*** EXERCISE INPUT ***

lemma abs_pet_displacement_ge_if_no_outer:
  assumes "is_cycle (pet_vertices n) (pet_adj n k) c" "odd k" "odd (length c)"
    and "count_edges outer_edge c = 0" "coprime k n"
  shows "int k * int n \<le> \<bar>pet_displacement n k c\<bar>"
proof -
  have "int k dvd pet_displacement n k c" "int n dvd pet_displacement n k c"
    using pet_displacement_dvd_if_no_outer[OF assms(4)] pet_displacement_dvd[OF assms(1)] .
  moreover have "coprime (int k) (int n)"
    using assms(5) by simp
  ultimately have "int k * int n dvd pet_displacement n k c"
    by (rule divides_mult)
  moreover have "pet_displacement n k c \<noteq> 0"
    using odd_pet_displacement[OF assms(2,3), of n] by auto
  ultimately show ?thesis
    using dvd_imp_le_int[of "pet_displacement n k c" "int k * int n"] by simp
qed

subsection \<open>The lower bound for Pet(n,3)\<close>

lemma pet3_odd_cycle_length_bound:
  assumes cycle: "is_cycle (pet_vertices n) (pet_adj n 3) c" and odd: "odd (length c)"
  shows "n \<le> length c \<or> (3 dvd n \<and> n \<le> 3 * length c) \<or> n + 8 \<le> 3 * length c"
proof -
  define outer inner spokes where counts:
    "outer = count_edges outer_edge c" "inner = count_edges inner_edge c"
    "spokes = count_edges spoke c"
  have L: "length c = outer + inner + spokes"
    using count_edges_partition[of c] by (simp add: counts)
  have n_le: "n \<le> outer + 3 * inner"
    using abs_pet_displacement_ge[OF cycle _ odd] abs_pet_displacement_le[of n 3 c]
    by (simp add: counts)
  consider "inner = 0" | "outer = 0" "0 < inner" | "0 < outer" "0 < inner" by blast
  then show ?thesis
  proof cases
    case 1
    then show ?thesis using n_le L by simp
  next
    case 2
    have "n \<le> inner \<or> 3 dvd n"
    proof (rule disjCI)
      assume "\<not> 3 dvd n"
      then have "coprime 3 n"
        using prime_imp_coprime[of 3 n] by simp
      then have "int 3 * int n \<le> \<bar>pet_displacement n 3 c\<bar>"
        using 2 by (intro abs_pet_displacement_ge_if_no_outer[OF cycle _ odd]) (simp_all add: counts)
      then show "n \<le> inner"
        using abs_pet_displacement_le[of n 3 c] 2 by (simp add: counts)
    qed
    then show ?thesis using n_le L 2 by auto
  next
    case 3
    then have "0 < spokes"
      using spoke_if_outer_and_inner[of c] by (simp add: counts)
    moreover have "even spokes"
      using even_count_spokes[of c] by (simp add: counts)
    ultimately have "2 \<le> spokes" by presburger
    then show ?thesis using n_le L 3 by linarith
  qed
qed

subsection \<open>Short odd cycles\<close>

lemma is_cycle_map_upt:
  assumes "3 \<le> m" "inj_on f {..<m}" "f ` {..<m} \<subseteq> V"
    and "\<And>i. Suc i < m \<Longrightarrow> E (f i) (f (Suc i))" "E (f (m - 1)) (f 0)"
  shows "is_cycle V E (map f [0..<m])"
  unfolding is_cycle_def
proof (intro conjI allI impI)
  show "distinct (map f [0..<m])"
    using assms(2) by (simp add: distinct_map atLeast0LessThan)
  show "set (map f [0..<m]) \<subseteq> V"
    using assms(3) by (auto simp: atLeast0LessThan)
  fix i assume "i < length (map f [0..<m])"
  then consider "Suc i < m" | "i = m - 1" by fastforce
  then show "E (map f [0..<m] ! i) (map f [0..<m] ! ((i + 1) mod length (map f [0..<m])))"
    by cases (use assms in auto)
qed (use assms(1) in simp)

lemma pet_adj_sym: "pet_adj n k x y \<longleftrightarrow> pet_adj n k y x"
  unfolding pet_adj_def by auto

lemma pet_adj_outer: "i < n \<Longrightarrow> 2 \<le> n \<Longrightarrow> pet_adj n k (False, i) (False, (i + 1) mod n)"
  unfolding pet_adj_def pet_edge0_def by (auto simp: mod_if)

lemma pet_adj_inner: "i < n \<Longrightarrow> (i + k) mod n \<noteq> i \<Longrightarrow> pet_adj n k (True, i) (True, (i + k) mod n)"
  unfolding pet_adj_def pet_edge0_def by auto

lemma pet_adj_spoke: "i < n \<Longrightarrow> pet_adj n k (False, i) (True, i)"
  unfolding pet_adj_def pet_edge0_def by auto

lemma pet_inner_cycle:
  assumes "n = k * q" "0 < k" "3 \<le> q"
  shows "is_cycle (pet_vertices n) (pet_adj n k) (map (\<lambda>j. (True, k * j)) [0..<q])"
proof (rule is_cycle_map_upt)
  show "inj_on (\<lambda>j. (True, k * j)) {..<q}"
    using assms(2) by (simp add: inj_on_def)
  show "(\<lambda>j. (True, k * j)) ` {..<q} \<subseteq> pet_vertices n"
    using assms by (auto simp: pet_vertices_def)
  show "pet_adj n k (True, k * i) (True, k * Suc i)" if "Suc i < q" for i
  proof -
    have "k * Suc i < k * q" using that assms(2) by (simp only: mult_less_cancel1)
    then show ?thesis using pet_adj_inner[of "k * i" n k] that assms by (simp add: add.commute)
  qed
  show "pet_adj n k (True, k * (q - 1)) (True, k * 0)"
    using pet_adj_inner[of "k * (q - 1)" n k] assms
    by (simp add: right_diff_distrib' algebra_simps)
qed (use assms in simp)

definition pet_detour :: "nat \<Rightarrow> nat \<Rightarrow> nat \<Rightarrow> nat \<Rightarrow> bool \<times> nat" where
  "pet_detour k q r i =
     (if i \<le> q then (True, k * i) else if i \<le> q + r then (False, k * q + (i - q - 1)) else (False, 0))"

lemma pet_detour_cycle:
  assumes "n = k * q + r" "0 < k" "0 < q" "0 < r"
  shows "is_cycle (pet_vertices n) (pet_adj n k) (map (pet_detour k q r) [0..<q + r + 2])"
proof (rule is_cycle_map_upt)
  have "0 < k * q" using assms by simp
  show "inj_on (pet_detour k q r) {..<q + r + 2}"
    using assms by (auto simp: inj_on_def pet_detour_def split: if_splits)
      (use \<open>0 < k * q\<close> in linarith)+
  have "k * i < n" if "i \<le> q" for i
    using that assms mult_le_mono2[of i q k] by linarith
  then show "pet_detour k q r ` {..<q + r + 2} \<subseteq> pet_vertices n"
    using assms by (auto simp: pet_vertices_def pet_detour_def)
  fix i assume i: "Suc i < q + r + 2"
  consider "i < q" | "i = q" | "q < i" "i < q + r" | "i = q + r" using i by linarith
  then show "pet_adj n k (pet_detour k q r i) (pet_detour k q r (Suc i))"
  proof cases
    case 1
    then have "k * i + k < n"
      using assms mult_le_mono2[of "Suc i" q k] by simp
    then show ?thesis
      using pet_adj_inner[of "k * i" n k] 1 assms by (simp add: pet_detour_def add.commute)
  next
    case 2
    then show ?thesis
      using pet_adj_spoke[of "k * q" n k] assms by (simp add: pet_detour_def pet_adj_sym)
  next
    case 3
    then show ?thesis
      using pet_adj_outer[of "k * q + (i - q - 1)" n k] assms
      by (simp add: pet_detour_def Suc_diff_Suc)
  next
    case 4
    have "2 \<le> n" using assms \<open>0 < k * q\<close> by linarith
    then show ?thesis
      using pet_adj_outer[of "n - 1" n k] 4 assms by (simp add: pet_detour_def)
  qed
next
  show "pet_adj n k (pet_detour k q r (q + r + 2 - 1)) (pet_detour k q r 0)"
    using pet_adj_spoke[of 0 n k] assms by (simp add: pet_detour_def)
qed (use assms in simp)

*** End of EXERCISE INPUT ***

What is needed is an exact copy of every record above.

lemma abs_pet_displacement_ge_if_no_outer:
  assumes "is_cycle (pet_vertices n) (pet_adj n k) c" "odd k" "odd (length c)"
    and "count_edges outer_edge c = 0" "coprime k n"
  shows "int k * int n \<le> \<bar>pet_displacement n k c\<bar>"
proof -
  have "int k dvd pet_displacement n k c" "int n dvd pet_displacement n k c"
    using pet_displacement_dvd_if_no_outer[OF assms(4)] pet_displacement_dvd[OF assms(1)] .
  moreover have "coprime (int k) (int n)"
    using assms(5) by simp
  ultimately have "int k * int n dvd pet_displacement n k c"
    by (rule divides_mult)
  moreover have "pet_displacement n k c \<noteq> 0"
    using odd_pet_displacement[OF assms(2,3), of n] by auto
  ultimately show ?thesis
    using dvd_imp_le_int[of "pet_displacement n k c" "int k * int n"] by simp
qed

subsection \<open>The lower bound for Pet(n,3)\<close>

lemma pet3_odd_cycle_length_bound:
  assumes cycle: "is_cycle (pet_vertices n) (pet_adj n 3) c" and odd: "odd (length c)"
  shows "n \<le> length c \<or> (3 dvd n \<and> n \<le> 3 * length c) \<or> n + 8 \<le> 3 * length c"
proof -
  define outer inner spokes where counts:
    "outer = count_edges outer_edge c" "inner = count_edges inner_edge c"
    "spokes = count_edges spoke c"
  have L: "length c = outer + inner + spokes"
    using count_edges_partition[of c] by (simp add: counts)
  have n_le: "n \<le> outer + 3 * inner"
    using abs_pet_displacement_ge[OF cycle _ odd] abs_pet_displacement_le[of n 3 c]
    by (simp add: counts)
  consider "inner = 0" | "outer = 0" "0 < inner" | "0 < outer" "0 < inner" by blast
  then show ?thesis
  proof cases
    case 1
    then show ?thesis using n_le L by simp
  next
    case 2
    have "n \<le> inner \<or> 3 dvd n"
    proof (rule disjCI)
      assume "\<not> 3 dvd n"
      then have "coprime 3 n"
        using prime_imp_coprime[of 3 n] by simp
      then have "int 3 * int n \<le> \<bar>pet_displacement n 3 c\<bar>"
        using 2 by (intro abs_pet_displacement_ge_if_no_outer[OF cycle _ odd]) (simp_all add: counts)
      then show "n \<le> inner"
        using abs_pet_displacement_le[of n 3 c] 2 by (simp add: counts)
    qed
    then show ?thesis using n_le L 2 by auto
  next
    case 3
    then have "0 < spokes"
      using spoke_if_outer_and_inner[of c] by (simp add: counts)
    moreover have "even spokes"
      using even_count_spokes[of c] by (simp add: counts)
    ultimately have "2 \<le> spokes" by presburger
    then show ?thesis using n_le L 3 by linarith
  qed
qed

subsection \<open>Short odd cycles\<close>

lemma is_cycle_map_upt:
  assumes "3 \<le> m" "inj_on f {..<m}" "f ` {..<m} \<subseteq> V"
    and "\<And>i. Suc i < m \<Longrightarrow> E (f i) (f (Suc i))" "E (f (m - 1)) (f 0)"
  shows "is_cycle V E (map f [0..<m])"
  unfolding is_cycle_def
proof (intro conjI allI impI)
  show "distinct (map f [0..<m])"
    using assms(2) by (simp add: distinct_map atLeast0LessThan)
  show "set (map f [0..<m]) \<subseteq> V"
    using assms(3) by (auto simp: atLeast0LessThan)
  fix i assume "i < length (map f [0..<m])"
  then consider "Suc i < m" | "i = m - 1" by fastforce
  then show "E (map f [0..<m] ! i) (map f [0..<m] ! ((i + 1) mod length (map f [0..<m])))"
    by cases (use assms in auto)
qed (use assms(1) in simp)

lemma pet_adj_sym: "pet_adj n k x y \<longleftrightarrow> pet_adj n k y x"
  unfolding pet_adj_def by auto

lemma pet_adj_outer: "i < n \<Longrightarrow> 2 \<le> n \<Longrightarrow> pet_adj n k (False, i) (False, (i + 1) mod n)"
  unfolding pet_adj_def pet_edge0_def by (auto simp: mod_if)

lemma pet_adj_inner: "i < n \<Longrightarrow> (i + k) mod n \<noteq> i \<Longrightarrow> pet_adj n k (True, i) (True, (i + k) mod n)"
  unfolding pet_adj_def pet_edge0_def by auto

lemma pet_adj_spoke: "i < n \<Longrightarrow> pet_adj n k (False, i) (True, i)"
  unfolding pet_adj_def pet_edge0_def by auto

lemma pet_inner_cycle:
  assumes "n = k * q" "0 < k" "3 \<le> q"
  shows "is_cycle (pet_vertices n) (pet_adj n k) (map (\<lambda>j. (True, k * j)) [0..<q])"
proof (rule is_cycle_map_upt)
  show "inj_on (\<lambda>j. (True, k * j)) {..<q}"
    using assms(2) by (simp add: inj_on_def)
  show "(\<lambda>j. (True, k * j)) ` {..<q} \<subseteq> pet_vertices n"
    using assms by (auto simp: pet_vertices_def)
  show "pet_adj n k (True, k * i) (True, k * Suc i)" if "Suc i < q" for i
  proof -
    have "k * Suc i < k * q" using that assms(2) by (simp only: mult_less_cancel1)
    then show ?thesis using pet_adj_inner[of "k * i" n k] that assms by (simp add: add.commute)
  qed
  show "pet_adj n k (True, k * (q - 1)) (True, k * 0)"
    using pet_adj_inner[of "k * (q - 1)" n k] assms
    by (simp add: right_diff_distrib' algebra_simps)
qed (use assms in simp)

definition pet_detour :: "nat \<Rightarrow> nat \<Rightarrow> nat \<Rightarrow> nat \<Rightarrow> bool \<times> nat" where
  "pet_detour k q r i =
     (if i \<le> q then (True, k * i) else if i \<le> q + r then (False, k * q + (i - q - 1)) else (False, 0))"

lemma pet_detour_cycle:
  assumes "n = k * q + r" "0 < k" "0 < q" "0 < r"
  shows "is_cycle (pet_vertices n) (pet_adj n k) (map (pet_detour k q r) [0..<q + r + 2])"
proof (rule is_cycle_map_upt)
  have "0 < k * q" using assms by simp
  show "inj_on (pet_detour k q r) {..<q + r + 2}"
    using assms by (auto simp: inj_on_def pet_detour_def split: if_splits)
      (use \<open>0 < k * q\<close> in linarith)+
  have "k * i < n" if "i \<le> q" for i
    using that assms mult_le_mono2[of i q k] by linarith
  then show "pet_detour k q r ` {..<q + r + 2} \<subseteq> pet_vertices n"
    using assms by (auto simp: pet_vertices_def pet_detour_def)
  fix i assume i: "Suc i < q + r + 2"
  consider "i < q" | "i = q" | "q < i" "i < q + r" | "i = q + r" using i by linarith
  then show "pet_adj n k (pet_detour k q r i) (pet_detour k q r (Suc i))"
  proof cases
    case 1
    then have "k * i + k < n"
      using assms mult_le_mono2[of "Suc i" q k] by simp
    then show ?thesis
      using pet_adj_inner[of "k * i" n k] 1 assms by (simp add: pet_detour_def add.commute)
  next
    case 2
    then show ?thesis
      using pet_adj_spoke[of "k * q" n k] assms by (simp add: pet_detour_def pet_adj_sym)
  next
    case 3
    then show ?thesis
      using pet_adj_outer[of "k * q + (i - q - 1)" n k] assms
      by (simp add: pet_detour_def Suc_diff_Suc)
  next
    case 4
    have "2 \<le> n" using assms \<open>0 < k * q\<close> by linarith
    then show ?thesis
      using pet_adj_outer[of "n - 1" n k] 4 assms by (simp add: pet_detour_def)
  qed
next
  show "pet_adj n k (pet_detour k q r (q + r + 2 - 1)) (pet_detour k q r 0)"
    using pet_adj_spoke[of 0 n k] assms by (simp add: pet_detour_def)
qed (use assms in simp)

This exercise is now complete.